Where possible, table lookups or variables in local context should be preferred in order to gather the data to fire off in the probe. Any helper functions in ruby space should carefully describe their worst-case runtime complexity, and bound this at O(n), where n is a known small integer.

Latency tracer

Here's a demonstration of the latency tracer working end-to-end:

latencytracer.gif

Alternatives

Print statements and metrics

Ultimately, tracing is just a fancy printf in a lot of ways. If plain ol' puts and log statements get the job done with an acceptable performance overhead, use'm!

The same is true for metrics, if you have something like statsd that might be a better way to get the data you're looking for.

This type of tracing access at performance analysis, as you can easily generate latency histograms and perform other aggregation functions on scalar data.

Ruby tracing

Ruby has its own tracing support, but it theoretically has a higher overhead as requires running logic on every function call.

USDT tracing should solve this, by explicitly registering trace points and only adding complexity and extra instructions to execute if the tracepoint is actually enabled.

Ruby dtrace hooks

Ruby provides its own built-in dtrace probes, which can be used similarly to ruby's built-in tracing, to simply probe all executed functions. This has the same issue of running on every function, instead of just the ones you want, but it's really great for simple invocations:

bpftrace -e 'usdt::ruby:method__entry { @[str(arg1)]++ }' -p ${UNICORN_PID}

ruby-usdt

https://github.com/thekvn/ruby-usdt

This repo provides much of the inspiration for this project, but it appears lost to the sands of time.

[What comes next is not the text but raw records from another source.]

lemma exists_close_density_in_N_set:
  fixes m p :: "'a \<Rightarrow> real"
  assumes "sets R = sets X" "integrable R m" "integrable R p" "\<And>x. 0 \<le> m x" "\<And>x. 0 \<le> p x"
    and "prob_space (density R m)" "prob_space (density R p)" "prob_space \<pi>" "1 \<le> M"
    and "\<And>A. A \<in> sets X \<Longrightarrow> measure (density R m) A \<le> M * measure \<pi> A"
  shows "\<exists>\<mu> \<in> N_set X (density R p) M. tv_dist X (density R m) \<mu> \<le> M * tv_dist X \<pi> (density R p)"
proof -
  have m_int: "integral\<^sup>L R m = 1" and p_int: "integral\<^sup>L R p = 1"
    using integral_eq_measure_density[of m R] integral_eq_measure_density[of p R] assms(2-7)
    by (metis borel_measurable_integrable prob_space.prob_space space_density)+
  define g where "g x = min (m x) (M * p x)" for x
  have g: "integrable R g" "\<And>x. 0 \<le> g x" "\<And>x. g x \<le> m x"
    unfolding g_def using assms(2-5,9) by auto
  have "integral\<^sup>L R g \<le> 1"
    using integral_mono[OF g(1) assms(2) g(3)] m_int by simp
  moreover have "1 \<le> (\<integral>x. M * p x \<partial>R)"
    using p_int assms(9) by simp
  ultimately obtain m2 where m2: "integrable R m2" "\<And>x. g x \<le> m2 x" "\<And>x. m2 x \<le> M * p x"
    "integral\<^sup>L R m2 = 1"
    using exists_integrable_between[of R g "\<lambda>x. M * p x" 1] g(1) assms(3)
    by (auto simp: g_def)
  have m2_nonneg: "\<And>x. 0 \<le> m2 x"
    using g(2) m2(2) by (meson order_trans)
  have "tv_dist X (density R m) (density R m2) \<le> integral\<^sup>L R m - integral\<^sup>L R g"
    using tv_dist_density_le[OF assms(1,2) m2(1) g(1) assms(4) m2_nonneg g(3) m2(2)] m_int m2(4)
    by simp
  also have "\<dots> \<le> M * tv_dist X \<pi> (density R p)"
    using excess_over_scaled_density_le_tv_dist[of R X m p M \<pi>] assms
    by (simp add: g_def[abs_def])
  finally show ?thesis
    using density_in_N_set[OF assms(1) m2(1) assms(3) m2_nonneg assms(5) m2(3,4)] by blast
qed

theorem lemma2p3:
  fixes X :: "'a measure" and \<pi>1 \<pi>2 \<mu>1 :: "'a measure" and M :: real
  assumes "\<pi>1 \<in> prob_measures X" and "\<pi>2 \<in> prob_measures X"
    and "M \<ge> 1"
    and "\<mu>1 \<in> N_set X \<pi>1 M"
  shows "\<exists>\<mu>2 \<in> N_set X \<pi>2 M. tv_dist X \<mu>1 \<mu>2 \<le> M * tv_dist X \<pi>1 \<pi>2"
proof -
  have \<pi>1: "prob_space \<pi>1" and \<pi>2: "prob_space \<pi>2" "sets \<pi>2 = sets X"
    and \<mu>1: "prob_space \<mu>1" "sets \<mu>1 = sets X"
    and \<mu>1_le: "\<And>A. A \<in> sets X \<Longrightarrow> measure \<mu>1 A \<le> M * measure \<pi>1 A"
    using assms(1,2,4) by (auto simp: N_set_def prob_measures_def)
  have "finite_measure \<mu>1" "finite_measure \<pi>2"
    using \<mu>1(1) \<pi>2(1) by (simp_all add: prob_space_def)
  then obtain R and m p :: "'a \<Rightarrow> real" where "sets R = sets \<mu>1"
    and "integrable R m" "integrable R p" "\<And>x. 0 \<le> m x" "\<And>x. 0 \<le> p x"
    and "density R m = \<mu>1" "density R p = \<pi>2"
    using common_dominating_real_densities \<mu>1(2) \<pi>2(2) by metis
  then show ?thesis
    using exists_close_density_in_N_set[of R X m p \<pi>1 M] \<mu>1 \<pi>1 \<pi>2(1) \<mu>1_le assms(3) by simp
qed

We wrap a newer version of libusdt, and support both Darwin and Linux.

libusdt

https://github.com/chrisa/libusdt

This is used by this project to provide Darwin support, but libusdt doesn't support linux.

Works by writing a dof note dynamically into the processes heap.

libstapsdt

https://github.com/sthima/libstapsdt

This is used by this project to provide Linux support, but libusdt doesn't support Darwin.

Works by writing a ELF note to a stub library, and dlopen'ing it.

lttng-ust

There is an existing (apparently unmaintained) gem for ruby that utilizes lttng's userspace support.

It is possible that this could provide improved performance by way of lover overhead as compared to USDT probes. We may support lttng-ust probes in the future, as they appear to conform to the same interface. They could be used instead of USDT probes for linux.

lttng-ust does tracing 100% in userspace, as opposed to uprobes which are executed within a kernel context. It may be worthwile to benchmark agints lttng-ust libraries, to ascertain what the magnitude of the difference is overhead is, particularly if USDT probe overhead becomes observable and detrimental.